BEGIN Records supplied
(* Let $E$ and $B$ be weakly compact JB$^*$-triples neither of which contains a direct summand of rank smaller than or equal to $3$, or let $E$ and $B$ be compact C$^*$-algebras, and let $f:S(E)\to S(B)$ be a surjective isometry. Let $e_1,e_2$ be two orthogonal finite rank tripotents in $E$, and for $j=1,2$ let $T_{e_j}:E_0(e_j)\to B_0(f(e_j))$ be the surjective real linear isometry satisfying $f(e_j+x)=f(e_j)+T_{e_j}(x)$ for every $x$ in the closed unit ball of $E_0(e_j)$. Then $T_{e_1}(x)=T_{e_2}(x)$ for all $x\in E_0(e_1)\cap E_0(e_2)$.
   Context: A JB$^*$-triple is a complex Banach space $E$ with a continuous triple product $\{\cdot,\cdot,\cdot\}$, bilinear and symmetric in the outer variables and conjugate linear in the middle one, such that, with $L(a,b)z=\{a,b,z\}$: $L(a,b)L(x,y)-L(x,y)L(a,b)=L(L(a,b)x,y)-L(x,L(b,a)y)$; $L(a,a)$ is hermitian with non-negative spectrum; $\|\{a,a,a\}\|=\|a\|^3$. A tripotent $e$ satisfies $\{e,e,e\}=e$; $E_i(e)$ ($i=0,1,2$) is the $\frac i2$-eigenspace of $L(e,e)$; $e$ is minimal if $E_2(e)=\mathbb{C}e\ne\{0\}$; $a\perp b$ means $L(a,b)=0$; a finite rank tripotent is a finite sum of mutually orthogonal minimal tripotents. For such $f$ and finite rank $e$, $f(e)$ is a finite rank tripotent of $B$ and a surjective real linear isometry $T_e$ as described exists. The rank of $E$ is the minimal cardinal $r$ with $\mathrm{card}(S)\le r$ for every set $S\not\ni0$ of pairwise orthogonal elements. $E$ is weakly compact if $z\mapsto\{x,z,x\}$ is weakly compact for every $x$. $E$ contains a direct summand of rank $\le3$ if $E=D\oplus D'$ with closed subspaces $D\ne\{0\}$, $D'$, elementwise orthogonal, $D$ of rank $\le3$. A compact C$^*$-algebra is a $c_0$-sum of algebras $K(H_i)$, with triple product $\{a,b,c\}=\frac12(ab^*c+cb^*a)$. $S(X)$ is the unit sphere; a surjective isometry is a distance preserving surjection. *)

theory Defs
  imports "HOL-Analysis.Analysis"
begin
END Records supplied
▸ **The problem**:
Each line of the listing is to be repeated without alteration.

▸ **Task solution**:
(* Let $E$ and $B$ be weakly compact JB$^*$-triples neither of which contains a direct summand of rank smaller than or equal to $3$, or let $E$ and $B$ be compact C$^*$-algebras, and let $f:S(E)\to S(B)$ be a surjective isometry. Let $e_1,e_2$ be two orthogonal finite rank tripotents in $E$, and for $j=1,2$ let $T_{e_j}:E_0(e_j)\to B_0(f(e_j))$ be the surjective real linear isometry satisfying $f(e_j+x)=f(e_j)+T_{e_j}(x)$ for every $x$ in the closed unit ball of $E_0(e_j)$. Then $T_{e_1}(x)=T_{e_2}(x)$ for all $x\in E_0(e_1)\cap E_0(e_2)$.
   Context: A JB$^*$-triple is a complex Banach space $E$ with a continuous triple product $\{\cdot,\cdot,\cdot\}$, bilinear and symmetric in the outer variables and conjugate linear in the middle one, such that, with $L(a,b)z=\{a,b,z\}$: $L(a,b)L(x,y)-L(x,y)L(a,b)=L(L(a,b)x,y)-L(x,L(b,a)y)$; $L(a,a)$ is hermitian with non-negative spectrum; $\|\{a,a,a\}\|=\|a\|^3$. A tripotent $e$ satisfies $\{e,e,e\}=e$; $E_i(e)$ ($i=0,1,2$) is the $\frac i2$-eigenspace of $L(e,e)$; $e$ is minimal if $E_2(e)=\mathbb{C}e\ne\{0\}$; $a\perp b$ means $L(a,b)=0$; a finite rank tripotent is a finite sum of mutually orthogonal minimal tripotents. For such $f$ and finite rank $e$, $f(e)$ is a finite rank tripotent of $B$ and a surjective real linear isometry $T_e$ as described exists. The rank of $E$ is the minimal cardinal $r$ with $\mathrm{card}(S)\le r$ for every set $S\not\ni0$ of pairwise orthogonal elements. $E$ is weakly compact if $z\mapsto\{x,z,x\}$ is weakly compact for every $x$. $E$ contains a direct summand of rank $\le3$ if $E=D\oplus D'$ with closed subspaces $D\ne\{0\}$, $D'$, elementwise orthogonal, $D$ of rank $\le3$. A compact C$^*$-algebra is a $c_0$-sum of algebras $K(H_i)$, with triple product $\{a,b,c\}=\frac12(ab^*c+cb^*a)$. $S(X)$ is the unit sphere; a surjective isometry is a distance preserving surjection. *)

theory Defs
  imports "HOL-Analysis.Analysis"
begin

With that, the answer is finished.